▶ _RECORD EXTRACTS_
lemma uniform_entropy_inj:
  assumes "inj_on X \<Omega>"
  shows "uniform_entropy \<Omega> X = ln (card \<Omega>)"
proof -
  have "fiber_card \<Omega> X \<omega> = 1" if "\<omega> \<in> \<Omega>" for \<omega>
  proof -
    have "{\<omega>'\<in>\<Omega>. X \<omega>' = X \<omega>} = {\<omega>}" using assms that by (auto simp: inj_on_def)
    then show ?thesis by (simp add: fiber_card_def)
  qed
  then have "uniform_entropy \<Omega> X = (\<Sum>\<omega>\<in>\<Omega>. ln (card \<Omega>)) / card \<Omega>"
    unfolding uniform_entropy_def by (intro arg_cong2[where f="(/)"] sum.cong) auto
  also have "\<dots> = ln (card \<Omega>)"
    by (cases "card \<Omega> = 0") auto
  finally show ?thesis .
qed

lemma uniform_entropy_const: "uniform_entropy \<Omega> (\<lambda>_. c) = 0"
  by (simp add: uniform_entropy_def fiber_card_def)

lemma sum_inverse_fiber_card:
  assumes "finite \<Omega>"
  shows "(\<Sum>\<omega>\<in>\<Omega>. 1 / fiber_card \<Omega> X \<omega>) = card (X ` \<Omega>)"
proof -
  have "(\<Sum>\<omega>\<in>\<Omega>. 1 / fiber_card \<Omega> X \<omega>) = (\<Sum>x\<in>X ` \<Omega>. \<Sum>\<omega>\<in>{\<omega>\<in>\<Omega>. X \<omega> = x}. 1 / fiber_card \<Omega> X \<omega>)"
    by (rule sum.image_gen[OF assms])
  also have "\<dots> = (\<Sum>x\<in>X ` \<Omega>. 1)"
  proof (rule sum.cong[OF refl])
    fix x assume "x \<in> X ` \<Omega>"
    then have "{\<omega>\<in>\<Omega>. X \<omega> = x} \<noteq> {}" by blast
    moreover have "fiber_card \<Omega> X \<omega> = card {\<omega>\<in>\<Omega>. X \<omega> = x}" if "\<omega> \<in> {\<omega>\<in>\<Omega>. X \<omega> = x}" for \<omega>
      using that by (simp add: fiber_card_def)
    ultimately show "(\<Sum>\<omega>\<in>{\<omega>\<in>\<Omega>. X \<omega> = x}. 1 / fiber_card \<Omega> X \<omega>) = 1"
      using assms by simp
  qed
  finally show ?thesis by simp
qed

lemma uniform_entropy_le_ln_card_image:
  assumes "finite \<Omega>" "\<Omega> \<noteq> {}"
  shows "uniform_entropy \<Omega> X \<le> ln (card (X ` \<Omega>))"
proof -
  define N where "N = real (card \<Omega>)"
  define M where "M = real (card (X ` \<Omega>))"
  have "0 < N" "0 < M" using assms by (simp_all add: N_def M_def card_gt_0_iff)
  have fiber: "0 < real (fiber_card \<Omega> X \<omega>)" if "\<omega> \<in> \<Omega>" for \<omega>
    using fiber_card_pos[OF assms(1) that] by simp
  have "ln (N / (M * fiber_card \<Omega> X \<omega>)) = ln (N / fiber_card \<Omega> X \<omega>) - ln M" if "\<omega> \<in> \<Omega>" for \<omega>
    using \<open>0 < N\<close> \<open>0 < M\<close> fiber[OF that] by (simp add: ln_div ln_mult)
  then have "(\<Sum>\<omega>\<in>\<Omega>. ln (N / (M * fiber_card \<Omega> X \<omega>))) = (\<Sum>\<omega>\<in>\<Omega>. ln (N / fiber_card \<Omega> X \<omega>)) - N * ln M"
    by (simp add: sum_subtractf N_def)
  then have "uniform_entropy \<Omega> X - ln M = (\<Sum>\<omega>\<in>\<Omega>. ln (N / (M * fiber_card \<Omega> X \<omega>))) / N"
    using \<open>0 < N\<close> by (simp add: uniform_entropy_def N_def[symmetric] diff_divide_distrib)
  also have "\<dots> \<le> (\<Sum>\<omega>\<in>\<Omega>. N / (M * fiber_card \<Omega> X \<omega>) - 1) / N"
    using \<open>0 < N\<close> \<open>0 < M\<close> fiber by (intro divide_right_mono sum_mono ln_le_minus_one) auto
  also have "\<dots> = (N / M * (\<Sum>\<omega>\<in>\<Omega>. 1 / fiber_card \<Omega> X \<omega>) - N) / N"
    by (simp add: sum_subtractf sum_distrib_left N_def)
  also have "\<dots> = 0"
    using sum_inverse_fiber_card[OF assms(1), of X] \<open>0 < M\<close> by (simp add: M_def)
  finally show ?thesis by (simp add: M_def)
qed

text \<open>The counting inequality behind submodularity: with \<open>ln t \<le> t - 1\<close> it yields
  \<open>H(X,Y,Z) + H(Z) \<le> H(X,Z) + H(Y,Z)\<close>.\<close>

lemma sum_fiber_ratio_le_card:
  fixes X :: "'a \<Rightarrow> 'b" and Y :: "'a \<Rightarrow> 'c" and Z :: "'a \<Rightarrow> 'd"
  assumes fin: "finite \<Omega>"
  defines "c \<omega> \<equiv> real (fiber_card \<Omega> (\<lambda>\<omega>. (X \<omega>, Y \<omega>, Z \<omega>)) \<omega>)"
    and "cZ \<omega> \<equiv> real (fiber_card \<Omega> Z \<omega>)"
  shows "(\<Sum>\<omega>\<in>\<Omega>. real (fiber_card \<Omega> (\<lambda>\<omega>. (X \<omega>, Z \<omega>)) \<omega>) * fiber_card \<Omega> (\<lambda>\<omega>. (Y \<omega>, Z \<omega>)) \<omega>
            / (c \<omega> * cZ \<omega>)) \<le> card \<Omega>"
proof -
  \<comment> \<open>\<open>P a b \<omega>\<close>: the pair \<open>(a, b)\<close> is counted in the product of fibres at \<open>\<omega>\<close>\<close>
  define P where "P a b \<omega> \<longleftrightarrow> X a = X \<omega> \<and> Z a = Z \<omega> \<and> Y b = Y \<omega> \<and> Z b = Z \<omega>" for a b \<omega>
  have cZ_pos: "0 < cZ \<omega>" if "\<omega> \<in> \<Omega>" for \<omega>
    using fiber_card_pos[OF fin that] by (simp add: cZ_def)
  have product: "real (fiber_card \<Omega> (\<lambda>\<omega>. (X \<omega>, Z \<omega>)) \<omega>) * fiber_card \<Omega> (\<lambda>\<omega>. (Y \<omega>, Z \<omega>)) \<omega>
      = (\<Sum>a\<in>\<Omega>. \<Sum>b\<in>\<Omega>. if P a b \<omega> then 1 else 0)" for \<omega>
    by (simp add: real_fiber_card[OF fin] sum_product P_def if_distrib[where f="\<lambda>x. x * _"]
        conj_assoc cong: if_cong) (intro sum.cong refl, auto)
  have inner: "(\<Sum>\<omega>\<in>\<Omega>. if P a b \<omega> then 1 / (c \<omega> * cZ \<omega>) else 0) \<le> (if Z a = Z b then 1 / cZ a else 0)"
    if "a \<in> \<Omega>" for a b
  proof (cases "Z a = Z b")
    case True
    \<comment> \<open>all \<open>\<omega>\<close> with \<open>P a b \<omega>\<close> share one \<open>(X, Y, Z)\<close>-fibre, of size \<open>card F\<close>\<close>
    define F where "F = {\<omega>\<in>\<Omega>. P a b \<omega>}"
    have fibres: "c \<omega> = card F" "cZ \<omega> = cZ a" if "\<omega> \<in> F" for \<omega>
      using that True unfolding c_def cZ_def fiber_card_def F_def P_def
      by (auto intro!: arg_cong[where f=card])
    have "(\<Sum>\<omega>\<in>\<Omega>. if P a b \<omega> then 1 / (c \<omega> * cZ \<omega>) else 0) = (\<Sum>\<omega>\<in>F. 1 / (c \<omega> * cZ \<omega>))"
      using fin by (simp add: sum.inter_filter F_def)
    also have "\<dots> = (\<Sum>\<omega>\<in>F. 1 / (card F * cZ a))"
      using fibres by (intro sum.cong) auto
    also have "\<dots> = card F / (card F * cZ a)" by simp
    also have "\<dots> \<le> 1 / cZ a"
      using cZ_pos[OF that] by (cases "card F = 0") auto
    finally show ?thesis using True by simp
  next
    case False
    then have "\<not> P a b \<omega>" for \<omega> by (auto simp: P_def)
    then show ?thesis using False by simp
  qed
  have "(\<Sum>\<omega>\<in>\<Omega>. real (fiber_card \<Omega> (\<lambda>\<omega>. (X \<omega>, Z \<omega>)) \<omega>) * fiber_card \<Omega> (\<lambda>\<omega>. (Y \<omega>, Z \<omega>)) \<omega>
            / (c \<omega> * cZ \<omega>))
      = (\<Sum>\<omega>\<in>\<Omega>. \<Sum>a\<in>\<Omega>. \<Sum>b\<in>\<Omega>. if P a b \<omega> then 1 / (c \<omega> * cZ \<omega>) else 0)"
    unfolding product sum_divide_distrib by (intro sum.cong refl) simp
  also have "\<dots> = (\<Sum>a\<in>\<Omega>. \<Sum>b\<in>\<Omega>. \<Sum>\<omega>\<in>\<Omega>. if P a b \<omega> then 1 / (c \<omega> * cZ \<omega>) else 0)"
    by (subst sum.swap) (intro sum.cong refl sum.swap)
  also have "\<dots> \<le> (\<Sum>a\<in>\<Omega>. \<Sum>b\<in>\<Omega>. if Z a = Z b then 1 / cZ a else 0)"
    using inner by (intro sum_mono) auto
  also have "\<dots> = (\<Sum>a\<in>\<Omega>. cZ a * (1 / cZ a))"
  proof (rule sum.cong[OF refl])
    fix a
    show "(\<Sum>b\<in>\<Omega>. if Z a = Z b then 1 / cZ a else 0) = cZ a * (1 / cZ a)"
      unfolding cZ_def real_fiber_card[OF fin] sum_distrib_right by (intro sum.cong) auto
  qed
  also have "\<dots> = (\<Sum>a\<in>\<Omega>. 1)"
    using cZ_pos by (intro sum.cong) (auto simp: less_le)
  also have "\<dots> = card \<Omega>"
    by simp
  finally show ?thesis .
qed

▶ _WORK REQUIRED_
Using the entries above, repeat only the lines from the one containing "finally show ?thesis using True by simp" through the one containing "unfolding product sum_divide_distrib", end lines included.

▶ _PROBLEM SOLUTION_
    finally show ?thesis using True by simp
  next
    case False
    then have "\<not> P a b \<omega>" for \<omega> by (auto simp: P_def)
    then show ?thesis using False by simp
  qed
  have "(\<Sum>\<omega>\<in>\<Omega>. real (fiber_card \<Omega> (\<lambda>\<omega>. (X \<omega>, Z \<omega>)) \<omega>) * fiber_card \<Omega> (\<lambda>\<omega>. (Y \<omega>, Z \<omega>)) \<omega>
            / (c \<omega> * cZ \<omega>))
      = (\<Sum>\<omega>\<in>\<Omega>. \<Sum>a\<in>\<Omega>. \<Sum>b\<in>\<Omega>. if P a b \<omega> then 1 / (c \<omega> * cZ \<omega>) else 0)"
    unfolding product sum_divide_distrib by (intro sum.cong refl) simp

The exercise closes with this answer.